> WHAT IS BEING ASKED: Below is a listing. Gather each line of it that contains "dots".

> THE INPUT:
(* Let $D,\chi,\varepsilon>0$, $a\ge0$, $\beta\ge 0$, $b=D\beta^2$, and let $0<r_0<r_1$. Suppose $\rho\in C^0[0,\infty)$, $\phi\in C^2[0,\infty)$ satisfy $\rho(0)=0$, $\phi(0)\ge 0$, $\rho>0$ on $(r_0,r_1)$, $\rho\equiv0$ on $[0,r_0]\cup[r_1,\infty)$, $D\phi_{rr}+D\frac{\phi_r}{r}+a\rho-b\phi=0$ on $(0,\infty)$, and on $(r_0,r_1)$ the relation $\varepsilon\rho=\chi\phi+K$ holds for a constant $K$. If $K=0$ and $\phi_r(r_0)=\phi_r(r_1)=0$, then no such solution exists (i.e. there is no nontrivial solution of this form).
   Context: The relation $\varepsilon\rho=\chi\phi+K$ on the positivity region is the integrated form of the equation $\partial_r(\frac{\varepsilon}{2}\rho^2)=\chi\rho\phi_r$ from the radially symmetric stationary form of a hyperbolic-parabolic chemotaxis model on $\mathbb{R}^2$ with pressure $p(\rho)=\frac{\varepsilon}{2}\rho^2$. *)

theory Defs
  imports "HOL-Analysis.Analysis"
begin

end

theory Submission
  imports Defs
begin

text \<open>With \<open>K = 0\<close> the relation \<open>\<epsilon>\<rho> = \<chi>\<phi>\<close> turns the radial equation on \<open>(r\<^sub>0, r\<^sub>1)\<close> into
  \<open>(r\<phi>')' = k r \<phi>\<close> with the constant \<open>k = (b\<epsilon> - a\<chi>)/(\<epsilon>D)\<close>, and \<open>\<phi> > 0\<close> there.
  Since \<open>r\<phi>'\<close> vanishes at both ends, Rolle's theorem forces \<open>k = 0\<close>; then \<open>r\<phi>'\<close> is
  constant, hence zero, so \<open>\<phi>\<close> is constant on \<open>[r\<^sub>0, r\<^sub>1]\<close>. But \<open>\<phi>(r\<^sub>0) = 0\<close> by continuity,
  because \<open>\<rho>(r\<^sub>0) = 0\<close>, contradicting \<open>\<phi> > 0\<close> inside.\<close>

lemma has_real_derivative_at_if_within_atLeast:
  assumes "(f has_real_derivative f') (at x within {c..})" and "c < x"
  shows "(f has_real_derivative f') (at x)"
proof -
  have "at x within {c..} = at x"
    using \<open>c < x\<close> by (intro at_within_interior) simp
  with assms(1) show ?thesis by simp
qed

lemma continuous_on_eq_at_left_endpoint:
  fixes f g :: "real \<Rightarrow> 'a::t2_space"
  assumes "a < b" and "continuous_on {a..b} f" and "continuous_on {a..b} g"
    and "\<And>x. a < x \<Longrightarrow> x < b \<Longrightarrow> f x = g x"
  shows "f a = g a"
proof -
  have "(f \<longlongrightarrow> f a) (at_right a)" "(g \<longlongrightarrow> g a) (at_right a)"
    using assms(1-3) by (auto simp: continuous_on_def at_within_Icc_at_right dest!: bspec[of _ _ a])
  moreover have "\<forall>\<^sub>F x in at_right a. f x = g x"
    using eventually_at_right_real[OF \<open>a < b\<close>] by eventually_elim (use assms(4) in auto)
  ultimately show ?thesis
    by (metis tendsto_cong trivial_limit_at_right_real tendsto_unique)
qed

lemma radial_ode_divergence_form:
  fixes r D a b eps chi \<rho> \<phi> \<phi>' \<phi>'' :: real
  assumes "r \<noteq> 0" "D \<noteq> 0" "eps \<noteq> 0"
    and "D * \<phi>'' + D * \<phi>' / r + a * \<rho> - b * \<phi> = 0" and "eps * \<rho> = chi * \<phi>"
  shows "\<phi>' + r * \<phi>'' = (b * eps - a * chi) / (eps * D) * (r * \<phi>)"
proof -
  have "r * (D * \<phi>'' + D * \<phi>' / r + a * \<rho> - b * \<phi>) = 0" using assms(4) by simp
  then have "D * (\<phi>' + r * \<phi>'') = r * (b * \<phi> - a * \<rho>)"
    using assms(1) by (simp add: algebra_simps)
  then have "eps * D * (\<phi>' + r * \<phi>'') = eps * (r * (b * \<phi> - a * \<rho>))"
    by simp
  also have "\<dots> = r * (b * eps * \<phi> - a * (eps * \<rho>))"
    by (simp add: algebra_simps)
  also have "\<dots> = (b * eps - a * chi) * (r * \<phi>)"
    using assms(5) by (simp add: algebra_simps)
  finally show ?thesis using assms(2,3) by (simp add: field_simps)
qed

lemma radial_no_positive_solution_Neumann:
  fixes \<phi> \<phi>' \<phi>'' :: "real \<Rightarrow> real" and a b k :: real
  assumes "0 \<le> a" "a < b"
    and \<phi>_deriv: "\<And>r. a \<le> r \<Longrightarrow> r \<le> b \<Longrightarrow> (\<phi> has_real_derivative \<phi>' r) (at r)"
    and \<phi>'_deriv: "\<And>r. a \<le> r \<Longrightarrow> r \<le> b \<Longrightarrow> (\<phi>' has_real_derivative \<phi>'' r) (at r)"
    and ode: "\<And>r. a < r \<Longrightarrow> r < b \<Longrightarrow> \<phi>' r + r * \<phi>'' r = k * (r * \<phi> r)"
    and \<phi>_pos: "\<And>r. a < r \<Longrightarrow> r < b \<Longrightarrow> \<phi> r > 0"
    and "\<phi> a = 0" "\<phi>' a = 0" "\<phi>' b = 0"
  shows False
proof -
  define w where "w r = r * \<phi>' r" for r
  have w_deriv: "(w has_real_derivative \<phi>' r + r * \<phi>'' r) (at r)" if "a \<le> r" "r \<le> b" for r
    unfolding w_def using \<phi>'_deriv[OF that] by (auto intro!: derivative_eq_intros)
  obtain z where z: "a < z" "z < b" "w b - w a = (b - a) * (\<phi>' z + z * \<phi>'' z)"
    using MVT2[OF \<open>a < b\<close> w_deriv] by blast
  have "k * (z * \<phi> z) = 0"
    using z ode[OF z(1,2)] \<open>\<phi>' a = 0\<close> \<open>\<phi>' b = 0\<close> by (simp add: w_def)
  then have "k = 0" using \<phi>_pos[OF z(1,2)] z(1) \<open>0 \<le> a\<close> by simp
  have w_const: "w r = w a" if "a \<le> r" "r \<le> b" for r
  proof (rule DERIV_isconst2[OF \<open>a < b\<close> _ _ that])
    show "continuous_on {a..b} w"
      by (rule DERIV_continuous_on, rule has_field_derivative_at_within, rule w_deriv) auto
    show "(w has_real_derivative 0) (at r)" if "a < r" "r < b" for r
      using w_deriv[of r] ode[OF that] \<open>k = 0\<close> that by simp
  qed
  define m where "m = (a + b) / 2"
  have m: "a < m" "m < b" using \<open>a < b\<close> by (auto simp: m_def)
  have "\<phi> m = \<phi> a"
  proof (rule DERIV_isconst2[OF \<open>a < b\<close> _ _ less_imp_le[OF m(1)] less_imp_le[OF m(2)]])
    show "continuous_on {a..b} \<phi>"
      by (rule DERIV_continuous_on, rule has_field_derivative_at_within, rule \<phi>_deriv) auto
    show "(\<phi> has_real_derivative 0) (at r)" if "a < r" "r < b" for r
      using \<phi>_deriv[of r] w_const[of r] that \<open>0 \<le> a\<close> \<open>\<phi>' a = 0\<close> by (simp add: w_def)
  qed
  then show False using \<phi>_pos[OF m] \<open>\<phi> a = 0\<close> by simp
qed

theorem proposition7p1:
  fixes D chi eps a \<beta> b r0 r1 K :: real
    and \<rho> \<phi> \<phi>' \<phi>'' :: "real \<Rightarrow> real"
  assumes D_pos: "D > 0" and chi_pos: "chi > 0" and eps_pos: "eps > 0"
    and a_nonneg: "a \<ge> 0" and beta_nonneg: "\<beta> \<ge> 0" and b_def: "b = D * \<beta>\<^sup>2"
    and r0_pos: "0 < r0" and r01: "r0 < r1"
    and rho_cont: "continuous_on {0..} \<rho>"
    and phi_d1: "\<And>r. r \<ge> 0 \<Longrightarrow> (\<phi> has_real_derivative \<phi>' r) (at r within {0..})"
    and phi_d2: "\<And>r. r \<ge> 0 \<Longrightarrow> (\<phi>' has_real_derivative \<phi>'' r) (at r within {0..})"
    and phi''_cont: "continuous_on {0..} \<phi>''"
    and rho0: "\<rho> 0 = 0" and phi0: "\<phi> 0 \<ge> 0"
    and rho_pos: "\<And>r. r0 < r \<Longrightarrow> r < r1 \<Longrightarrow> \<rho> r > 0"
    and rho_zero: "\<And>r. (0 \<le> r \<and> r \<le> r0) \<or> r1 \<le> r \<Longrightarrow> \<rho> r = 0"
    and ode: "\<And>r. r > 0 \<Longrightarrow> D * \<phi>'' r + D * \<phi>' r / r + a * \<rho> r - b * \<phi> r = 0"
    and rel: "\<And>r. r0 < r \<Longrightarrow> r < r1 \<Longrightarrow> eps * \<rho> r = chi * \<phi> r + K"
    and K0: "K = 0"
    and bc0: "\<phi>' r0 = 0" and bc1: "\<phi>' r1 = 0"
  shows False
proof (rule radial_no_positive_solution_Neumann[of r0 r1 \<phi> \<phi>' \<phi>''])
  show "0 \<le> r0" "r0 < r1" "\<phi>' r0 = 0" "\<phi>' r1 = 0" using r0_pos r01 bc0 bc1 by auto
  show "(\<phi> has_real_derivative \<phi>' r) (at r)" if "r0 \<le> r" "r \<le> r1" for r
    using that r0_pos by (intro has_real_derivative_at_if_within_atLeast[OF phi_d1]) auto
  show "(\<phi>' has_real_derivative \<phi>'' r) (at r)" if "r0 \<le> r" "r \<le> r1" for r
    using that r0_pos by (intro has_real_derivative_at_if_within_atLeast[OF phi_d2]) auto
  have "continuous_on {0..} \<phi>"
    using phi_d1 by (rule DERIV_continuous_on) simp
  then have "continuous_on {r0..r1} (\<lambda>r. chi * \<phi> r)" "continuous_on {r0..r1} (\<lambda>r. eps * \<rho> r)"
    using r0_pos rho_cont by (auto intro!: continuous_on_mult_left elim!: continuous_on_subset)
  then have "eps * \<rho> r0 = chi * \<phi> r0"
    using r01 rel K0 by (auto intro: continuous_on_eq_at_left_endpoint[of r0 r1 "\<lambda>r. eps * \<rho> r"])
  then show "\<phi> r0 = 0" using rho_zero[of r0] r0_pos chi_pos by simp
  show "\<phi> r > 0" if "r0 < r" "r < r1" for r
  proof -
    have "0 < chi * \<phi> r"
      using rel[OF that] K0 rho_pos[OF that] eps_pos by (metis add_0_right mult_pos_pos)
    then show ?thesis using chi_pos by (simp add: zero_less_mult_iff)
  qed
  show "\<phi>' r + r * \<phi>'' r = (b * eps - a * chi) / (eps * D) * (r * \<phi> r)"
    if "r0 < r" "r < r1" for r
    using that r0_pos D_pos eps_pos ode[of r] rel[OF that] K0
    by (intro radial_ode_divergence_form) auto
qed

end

> EXPECTED OUTPUT:
  also have "\<dots> = r * (b * eps * \<phi> - a * (eps * \<rho>))"
  also have "\<dots> = (b * eps - a * chi) * (r * \<phi>)"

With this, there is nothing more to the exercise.